We ruled out the possibility of malignancy, sarcoidosis, tuberculosis and traumatic injury, all of which could be the reason for hypothalamic hypopituitarism (Sharma and Sharma 1991; Saito et al. 2009; Greco 2012; Glezer and Bronstein 2012), and thus we thought that the hypothalamic hypopituitarism in this subject was idiopathic. In addition, counter-regulatory hormone levels were not increased even at the time of hypoglycemia (Table 3). We think that this was presumably due to recurrent hypoglycemia as previously reported (Widom and Simonson 1992; Kinsley et al. 1995; Lingenfelser et al. 1995; Kaneto et al. 1998).

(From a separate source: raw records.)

(* Let $f\colon D^*\to H^3$ be a regular weakly complete end of a flat front, with hyperbolic Gauss maps $G$ and $G_*$. Then \[\lim_{z\to0}\pi\circ f(z)=(G(0),0)=(G_*(0),0)\] holds if $G(0)\neq\infty$, where $\pi\colon H^3\to\mathbb{R}^3_+$ is the projection to the upper half-space model.
   Context: $H^3=\{uu^*:u\in SL(2,\mathbb{C})\}\subset\mathrm{Herm}(2)$; upper half-space model $\mathbb{R}^3_+=\{(\zeta,h)\in\mathbb{C}\times\mathbb{R}:h>0\}$ with metric $(|d\zeta|^2+dh^2)/h^2$; $\pi(uu^* )=(u_{11}\overline{u_{21}}+u_{12}\overline{u_{22}},1)/(|u_{21}|^2+|u_{22}|^2)$. A flat front on $D^*=\{0<|z|<1\}$ is $f=\mathcal{E}\mathcal{E}^*$ with $\mathcal{E}=(E_{ij})$ a holomorphic immersion from the universal cover of $D^*$ to $SL(2,\mathbb{C})$ with $\mathcal{E}^{-1}d\mathcal{E}=\begin{pmatrix}0&\theta\\ \omega&0\end{pmatrix}$, $\omega,\theta$ holomorphic 1-forms, and $z$ compatible with the metric $ds^2_{1,1}=|\omega|^2+|\theta|^2$. Hyperbolic Gauss maps: $G=E_{11}/E_{21}$, $G_*=E_{12}/E_{22}$. The end is weakly complete if $ds^2_{1,1}$ is complete at $0$, and regular if $G,G_*$ have at most poles at $0$. *)

theory Defs
  imports "HOL-Complex_Analysis.Complex_Analysis"
begin

text \<open>The universal cover of D* = {0 < |z| < 1} is modelled by the left half-plane
  LH = {w. Re w < 0} with covering map z = exp w; the deck transformation is w + 2 pi i.
  A matrix E = (E11 E12; E21 E22) is represented by its four entry functions on LH.
  The 1-forms omega, theta are written as omega(w) dw, theta(w) dw on LH.\<close>

definition LH :: "complex set" where
  "LH = {w. Re w < 0}"

text \<open>E is a holomorphic immersion LH -> SL(2,C) with E^{-1} dE = (0 theta; omega 0),
  the metric |omega|^2+|theta|^2 is positive definite (so that the coordinate is compatible
  with it), and f = E E^* is single-valued on D* (invariant under the deck transformation).\<close>
definition flat_front_end ::
  "(complex \<Rightarrow> complex) \<Rightarrow> (complex \<Rightarrow> complex) \<Rightarrow> (complex \<Rightarrow> complex) \<Rightarrow> (complex \<Rightarrow> complex)
   \<Rightarrow> (complex \<Rightarrow> complex) \<Rightarrow> (complex \<Rightarrow> complex) \<Rightarrow> bool" where
  "flat_front_end E11 E12 E21 E22 \<omega> \<theta> \<longleftrightarrow>
     E11 holomorphic_on LH \<and> E12 holomorphic_on LH \<and> E21 holomorphic_on LH \<and> E22 holomorphic_on LH \<and>
     \<omega> holomorphic_on LH \<and> \<theta> holomorphic_on LH \<and>
     (\<forall>w\<in>LH. E11 w * E22 w - E12 w * E21 w = 1) \<and>
     (\<forall>w\<in>LH. (E11 has_field_derivative E12 w * \<omega> w) (at w) \<and>
              (E12 has_field_derivative E11 w * \<theta> w) (at w) \<and>
              (E21 has_field_derivative E22 w * \<omega> w) (at w) \<and>
              (E22 has_field_derivative E21 w * \<theta> w) (at w)) \<and>
     (\<forall>w\<in>LH. \<omega> w \<noteq> 0 \<or> \<theta> w \<noteq> 0) \<and>
     (\<forall>w\<in>LH.
        let w' = w + 2 * pi * \<i> in
        cmod (E11 w') ^ 2 + cmod (E12 w') ^ 2 = cmod (E11 w) ^ 2 + cmod (E12 w) ^ 2 \<and>
        E11 w' * cnj (E21 w') + E12 w' * cnj (E22 w') = E11 w * cnj (E21 w) + E12 w * cnj (E22 w) \<and>
        cmod (E21 w') ^ 2 + cmod (E22 w') ^ 2 = cmod (E21 w) ^ 2 + cmod (E22 w) ^ 2)"

text \<open>Weak completeness: ds^2_{1,1} = (|omega|^2 + |theta|^2)|dw|^2 is complete at the end,
  i.e. every C^1 curve in LH running into the end (Re w -> -infinity, i.e. z = exp w -> 0)
  has infinite length.\<close>
definition weakly_complete :: "(complex \<Rightarrow> complex) \<Rightarrow> (complex \<Rightarrow> complex) \<Rightarrow> bool" where
  "weakly_complete \<omega> \<theta> \<longleftrightarrow>
     (\<forall>\<gamma> :: real \<Rightarrow> complex.
        (\<forall>t\<in>{0..<1}. \<gamma> t \<in> LH) \<and> \<gamma> C1_differentiable_on {0..<1} \<and>
        filterlim (\<lambda>t. Re (\<gamma> t)) at_bot (at_left 1) \<longrightarrow>
        \<not> ((\<lambda>t. sqrt (cmod (\<omega> (\<gamma> t)) ^ 2 + cmod (\<theta> (\<gamma> t)) ^ 2) * norm (vector_derivative \<gamma> (at t)))
              integrable_on {0..<1}))"

definition end_filter :: "complex filter" where
  "end_filter = filtercomap exp (at 0)"

text \<open>A hyperbolic Gauss map num/den (values in the Riemann sphere; value infinity where den = 0)
  has at most a pole at 0: either it is identically infinity, or it descends to a function on
  D* which is meromorphic on the whole unit disc (i.e. at worst a pole at 0).\<close>
definition regular_gauss :: "(complex \<Rightarrow> complex) \<Rightarrow> (complex \<Rightarrow> complex) \<Rightarrow> bool" where
  "regular_gauss num den \<longleftrightarrow>
     (\<forall>w\<in>LH. den w = 0) \<or>
     (\<exists>g. g meromorphic_on ball 0 1 \<and> (\<forall>w\<in>LH. den w \<noteq> 0 \<longrightarrow> g (exp w) = num w / den w))"

definition gauss_value_at_0 :: "(complex \<Rightarrow> complex) \<Rightarrow> (complex \<Rightarrow> complex) \<Rightarrow> complex \<Rightarrow> bool" where
  "gauss_value_at_0 num den a \<longleftrightarrow>
     (\<exists>w\<in>LH. den w \<noteq> 0) \<and> ((\<lambda>w. num w / den w) \<longlongrightarrow> a) end_filter"

text \<open>Projection pi of u u^* to the upper half-space model C x R_+.\<close>
definition proj_uhs :: "complex \<Rightarrow> complex \<Rightarrow> complex \<Rightarrow> complex \<Rightarrow> complex \<times> real" where
  "proj_uhs u11 u12 u21 u22 =
     ((u11 * cnj u21 + u12 * cnj u22) / complex_of_real (cmod u21 ^ 2 + cmod u22 ^ 2),
      1 / (cmod u21 ^ 2 + cmod u22 ^ 2))"

end

theory Submission
  imports Defs
begin

text \<open>Write z = exp w. Suppose G_* does not tend to G(0) = a. Since det E = 1 gives
  G_* - G = -1/(E21 E22), the product E21 E22 then descends to a function K(z) holomorphic
  across z = 0, and so does G = g(z). The structure equations give dG = -\<omega>/E21^2 dw and
  d(E21 E22) = (E22^2 \<omega> + E21^2 \<theta>) dw, and E21 E22 = K forces E21^2 = u(z) with u
  holomorphic and nowhere zero. Hence \<omega> dw = -g' u dz and \<theta> dw = (K' + K^2 g')/u dz extend
  across the puncture, so a ray running into the end has finite length for ds^2_{1,1}, contradicting
  weak completeness (the same argument with K = 0 shows that E22 does not vanish identically).
  So G and G_* both tend to a. The first coordinate of \<pi> \<circ> f is the mean of G and G_* with
  weights |E21|^2 and |E22|^2, and det E = 1 bounds the height 1/(|E21|^2 + |E22|^2) by |G - G_*|,
  so \<pi> \<circ> f tends to (a, 0).\<close>

lemma Re_less_ln_iff:
  assumes "0 < r"
  shows "Re w < ln r \<longleftrightarrow> norm (exp w) < r"
proof -
  have "Re w < ln r \<longleftrightarrow> exp (Re w) < exp (ln r)" by (rule exp_less_cancel_iff[symmetric])
  then show ?thesis using assms by simp
qed

lemma Re_less_ln_imp_LH: "0 < r \<Longrightarrow> r \<le> 1 \<Longrightarrow> Re w < ln r \<Longrightarrow> w \<in> LH"
proof -
  assume "0 < r" "r \<le> 1" "Re w < ln r"
  moreover have "ln r \<le> 0" using \<open>0 < r\<close> \<open>r \<le> 1\<close> by simp
  ultimately have "Re w < 0" by linarith
  then show "w \<in> LH" by (simp add: LH_def)
qed

lemma exp_Ln_punctured_ball:
  assumes "0 < r" "z \<in> ball 0 r - {0}"
  shows "Re (Ln z) < ln r" "exp (Ln z) = z"
  using assms Re_less_ln_iff[of r "Ln z"] by auto
lemma quadratic_form_add3:
  assumes "X \<in> carrier_mat n n" "Y \<in> carrier_mat n n" "Z \<in> carrier_mat n n" "v \<in> carrier_vec n"
  shows "((X + Y + Z) *\<^sub>v v) \<bullet>c v = (X *\<^sub>v v) \<bullet>c v + (Y *\<^sub>v v) \<bullet>c v + (Z *\<^sub>v v) \<bullet>c v"
  using assms by (simp add: add_mult_distrib_mat_vec[of _ n n] add_scalar_prod_distrib[of _ n])

lemma pos_def_mat_iff: "pos_def_mat n S \<longleftrightarrow> S \<in> carrier_mat n n \<and> adj S = S \<and>
   (\<forall>v\<in>carrier_vec n. v \<noteq> 0\<^sub>v n \<longrightarrow> (S *\<^sub>v v) \<bullet>c v > 0)"
  unfolding pos_def_mat_def less_complex_def by auto

lemma pos_def_mat_pos: "pos_def_mat n S \<Longrightarrow> v \<in> carrier_vec n \<Longrightarrow> v \<noteq> 0\<^sub>v n \<Longrightarrow> (S *\<^sub>v v) \<bullet>c v > 0"
  unfolding pos_def_mat_iff by auto

lemma pos_def_mat_nonneg: "pos_def_mat n S \<Longrightarrow> v \<in> carrier_vec n \<Longrightarrow> (S *\<^sub>v v) \<bullet>c v \<ge> 0"
  by (cases "v = 0\<^sub>v n") (auto simp: pos_def_mat_iff carrier_matD dest: pos_def_mat_pos[of n S v])
definition sq_mod_tail :: "(int \<Rightarrow> complex) \<Rightarrow> nat \<Rightarrow> int \<Rightarrow> ennreal"
  where "sq_mod_tail w R m = (if int R < \<bar>m\<bar> then sq_mod w m else 0)"

definition energy :: "(int \<Rightarrow> complex) \<Rightarrow> ennreal"
  where "energy w = (\<Sum>\<^sub>\<infinity>m\<in>{m. even m}. sq_mod w m)"

definition tail_energy :: "(int \<Rightarrow> complex) \<Rightarrow> nat \<Rightarrow> ennreal"
  where "tail_energy w R = (\<Sum>\<^sub>\<infinity>m\<in>{m. even m}. sq_mod_tail w R m)"

lemma sq_boundary_kernel_le:
  assumes n: "n \<ge> 1" and b: "b \<in> idx n" and d: "d = int n \<or> d = - int n"
  shows "(boundary_kernel w n d b)\<^sup>2 \<le> ennreal (real R ^ 2 / real n ^ 2) * sq_mod w (d - b) + sq_mod_tail w R (d - b)"
proof -
  let ?x = "real_of_int (d - b)" and ?c = "cmod (w (d - b))"
  have "\<bar>d - b\<bar> \<le> \<bar>b\<bar> + int n" using d by auto
  then have x_le: "\<bar>?x\<bar> \<le> far_factor n b" unfolding far_factor_def by linarith
  have "0 < far_factor n b" using b by (auto simp: far_factor_def idx_def)
  have kernel: "(boundary_kernel w n d b)\<^sup>2 = ennreal ((\<bar>?x\<bar> * ?c / far_factor n b)\<^sup>2)"
    by (simp add: boundary_kernel_def absV_def ennreal_power far_factor_nonneg)
  show ?thesis
  proof (cases "\<bar>d - b\<bar> \<le> int R")
    case True
    then have "\<bar>?x\<bar> \<le> real R" by linarith
    then have "(\<bar>?x\<bar> * ?c / far_factor n b)\<^sup>2 \<le> (real R)\<^sup>2 / (real n)\<^sup>2 * ?c\<^sup>2"
      using n by (intro power2_abs_mult_divide_le) (auto simp: far_factor_def)
    then have "(boundary_kernel w n d b)\<^sup>2 \<le> ennreal (real R ^ 2 / real n ^ 2) * sq_mod w (d - b)"
      unfolding kernel sq_mod_def by (simp add: ennreal_mult[symmetric] ennreal_leI del: ennreal_mult)
    then show ?thesis by (simp add: add_increasing2)
  next
    case False
    then have "sq_mod_tail w R (d - b) = sq_mod w (d - b)" by (simp add: sq_mod_tail_def)
    moreover have "(\<bar>?x\<bar> * ?c / far_factor n b)\<^sup>2 \<le> ?c\<^sup>2"
      using \<open>0 < far_factor n b\<close> x_le by (rule power2_abs_mult_divide_le_self)
    ultimately show ?thesis unfolding kernel sq_mod_def by (simp add: add_increasing ennreal_leI)
  qed
qed

lemma sq_chain_kernel_le:
  assumes n: "n \<ge> 1" and a: "a \<in> idx n" and b: "b \<in> idx n"
  shows "(chain_kernel w n a b)\<^sup>2
         \<le> ennreal (real R ^ 2 / real n ^ 2) * (ennreal (1 / near_factor n a ^ 2) * sq_mod w (a - b))
            + 2 * (ennreal (1 / far_factor n b ^ 2) * sq_mod_tail w R (a - b))
            + 2 * (ennreal (1 / near_factor n a ^ 2) * sq_mod_tail w R (a - b))"
proof -
  let ?x = "real_of_int (a - b)" and ?c = "cmod (w (a - b))"
  let ?s = "near_factor n a" and ?t = "far_factor n b"
  have s_pos: "0 < ?s" using a by (auto simp: near_factor_def idx_def)
  have t_pos: "0 < ?t" using b by (auto simp: far_factor_def idx_def)
  have "\<bar>a - b\<bar> \<le> \<bar>\<bar>a\<bar> - int n\<bar> + (\<bar>b\<bar> + int n)" by arith
  then have x_le: "\<bar>?x\<bar> \<le> ?s + ?t" unfolding near_factor_def far_factor_def by linarith
  have kernel: "(chain_kernel w n a b)\<^sup>2 = ennreal ((\<bar>?x\<bar> * ?c / (?s * ?t))\<^sup>2)"
    by (simp add: chain_kernel_def absV_def ennreal_power near_factor_nonneg far_factor_nonneg)
  show ?thesis
  proof (cases "\<bar>a - b\<bar> \<le> int R")
    case True
    then have "\<bar>?x\<bar> \<le> real R" by linarith
    then have "(\<bar>?x\<bar> * (?c / ?s) / ?t)\<^sup>2 \<le> (real R)\<^sup>2 / (real n)\<^sup>2 * (?c / ?s)\<^sup>2"
      using n by (intro power2_abs_mult_divide_le) (auto simp: far_factor_def)
    then have "(\<bar>?x\<bar> * ?c / (?s * ?t))\<^sup>2 \<le> (real R)\<^sup>2 / (real n)\<^sup>2 * (1 / ?s ^ 2 * ?c\<^sup>2)"
      by (simp add: power_divide field_simps)
    then have "(chain_kernel w n a b)\<^sup>2
        \<le> ennreal (real R ^ 2 / real n ^ 2) * (ennreal (1 / ?s ^ 2) * sq_mod w (a - b))"
      unfolding kernel sq_mod_def by (simp add: ennreal_mult[symmetric] ennreal_leI del: ennreal_mult)
    then show ?thesis by (simp add: add_increasing2)
  next
    case False
    then have tail: "sq_mod_tail w R (a - b) = sq_mod w (a - b)" by (simp add: sq_mod_tail_def)
    have "(\<bar>?x\<bar> * ?c / (?s * ?t))\<^sup>2 \<le> 2 * (1 / ?t ^ 2 * ?c\<^sup>2) + 2 * (1 / ?s ^ 2 * ?c\<^sup>2)"
      using s_pos t_pos x_le by (rule power2_abs_mult_divide_mult_le)
    then have "(chain_kernel w n a b)\<^sup>2 \<le> ennreal (2 * (1 / ?t ^ 2 * ?c\<^sup>2) + 2 * (1 / ?s ^ 2 * ?c\<^sup>2))"
      unfolding kernel by (rule ennreal_leI)
    also have "\<dots> = 2 * (ennreal (1 / ?t ^ 2) * sq_mod w (a - b))
                    + 2 * (ennreal (1 / ?s ^ 2) * sq_mod w (a - b))"
      unfolding sq_mod_def
      by (simp only: ennreal_plus ennreal_mult ennreal_numeral mult_nonneg_nonneg divide_nonneg_nonneg
          zero_le_power2 zero_le_numeral zero_le_one)
    finally show ?thesis unfolding tail by (simp add: add_increasing add.assoc)
  qed
qed

lemma even_diff_idx: "a \<in> idx n \<Longrightarrow> b \<in> idx n \<Longrightarrow> even (a - b)"
  unfolding idx_def mem_Collect_eq by presburger

lemma even_diff_idx_endpoint: "b \<in> idx n \<Longrightarrow> d = int n \<or> d = - int n \<Longrightarrow> even (d - b)"
  unfolding idx_def mem_Collect_eq by presburger

lemma infsum_even_reindex_le:
  fixes g :: "int \<Rightarrow> ennreal"
  assumes "\<And>b. b \<in> A \<Longrightarrow> even (c - b)"
  shows "(\<Sum>\<^sub>\<infinity>b\<in>A. g (c - b)) \<le> (\<Sum>\<^sub>\<infinity>m\<in>{m. even m}. g m)"
    and "(\<Sum>\<^sub>\<infinity>b\<in>A. g (b - c)) \<le> (\<Sum>\<^sub>\<infinity>m\<in>{m. even m}. g m)"
  using assms by (auto intro!: infsum_reindex_le_ennreal simp: inj_on_def)

lemma sq_norm_boundary_kernel_le:
  assumes n: "n \<ge> 1" and d: "d = int n \<or> d = - int n"
  shows "sq_norm (idx n) (boundary_kernel w n d) \<le> ennreal (real R ^ 2 / real n ^ 2) * energy w + tail_energy w R"
proof -
  have "sq_norm (idx n) (boundary_kernel w n d)
      \<le> (\<Sum>\<^sub>\<infinity>b\<in>idx n. ennreal (real R ^ 2 / real n ^ 2) * sq_mod w (d - b) + sq_mod_tail w R (d - b))"
    unfolding sq_norm_def using sq_boundary_kernel_le[OF n _ d] by (intro infsum_mono) auto
  also have "\<dots> = ennreal (real R ^ 2 / real n ^ 2) * (\<Sum>\<^sub>\<infinity>b\<in>idx n. sq_mod w (d - b))
                  + (\<Sum>\<^sub>\<infinity>b\<in>idx n. sq_mod_tail w R (d - b))"
    by (simp add: infsum_add infsum_cmult_right_ennreal)
  also have "\<dots> \<le> ennreal (real R ^ 2 / real n ^ 2) * energy w + tail_energy w R"
    unfolding energy_def tail_energy_def using even_diff_idx_endpoint[OF _ d]
    by (intro add_mono mult_left_mono infsum_even_reindex_le) auto
  finally show ?thesis .
qed

lemma infsum_weighted_row_sums_le:
  fixes u g :: "int \<Rightarrow> ennreal"
  shows "(\<Sum>\<^sub>\<infinity>a\<in>idx n. u a * (\<Sum>\<^sub>\<infinity>b\<in>idx n. g (a - b)))
         \<le> (\<Sum>\<^sub>\<infinity>a\<in>idx n. u a) * (\<Sum>\<^sub>\<infinity>m\<in>{m. even m}. g m)"
proof -
  have "(\<Sum>\<^sub>\<infinity>a\<in>idx n. u a * (\<Sum>\<^sub>\<infinity>b\<in>idx n. g (a - b)))
        \<le> (\<Sum>\<^sub>\<infinity>a\<in>idx n. u a * (\<Sum>\<^sub>\<infinity>m\<in>{m. even m}. g m))"
  proof (rule infsum_mono)
    fix a assume "a \<in> idx n"
    then have "(\<Sum>\<^sub>\<infinity>b\<in>idx n. g (a - b)) \<le> (\<Sum>\<^sub>\<infinity>m\<in>{m. even m}. g m)"
      by (intro infsum_even_reindex_le(1)) (rule even_diff_idx)
    then show "u a * (\<Sum>\<^sub>\<infinity>b\<in>idx n. g (a - b)) \<le> u a * (\<Sum>\<^sub>\<infinity>m\<in>{m. even m}. g m)"
      by (rule mult_left_mono) simp
  qed simp_all
  then show ?thesis by (simp only: infsum_cmult_left_ennreal)
qed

In general, gastrointestinal symptom such as nausea and vomiting is not common adverse effect of hydrocortisone. In addition, prednisolone (15 mg/day) is stronger than hydrocortisone (10 mg/day). Therefore, we cannot exclude the possibility that the gastrointestinal symptom in this subject was due to adrenal insufficiency during the hydrocortisone treatment and that the administration of prednisolone improved adrenal insufficiency which led to the disappearance of gastrointestinal symptom. However, considering the situations that nausea and vomiting appeared just after taking hydrocortisone, we think it is likely that such gastrointestinal symptom is the adverse effect of hydrocortisone although its mechanism remains unknown.

Conclusions

We should be aware of the possibility of hypothalamic hypopituitarism as a cause of recurrent severe hypoglycemia. In addition, although gastrointestinal symptom is not common adverse effect of hydrocortisone, we should be aware that hydrocortisone could induce several gastrointestinal symptom such as nausea and/or vomiting. Such symptom disturbs sufficient steroid hormone replacement and leads to recurrent hypoglycemia. Therefore, in such a case we should stop hydrocortisone and instead start an alternative treatment with prednisolone without any hesitation in order to sufficiently replace steroid hormone and to avoid recurrent hypoglycemia.

Consent

Informed consent was obtained from this patient for being included in the case report.

Statement of Human and Animal Rights

All procedures followed were in accordance with the ethical standards of the responsible committee on human experimentation (institutional and national) and with the Helsinki Declaration of 1975, as revised in 2008 (Lingenfelser et al. 1995).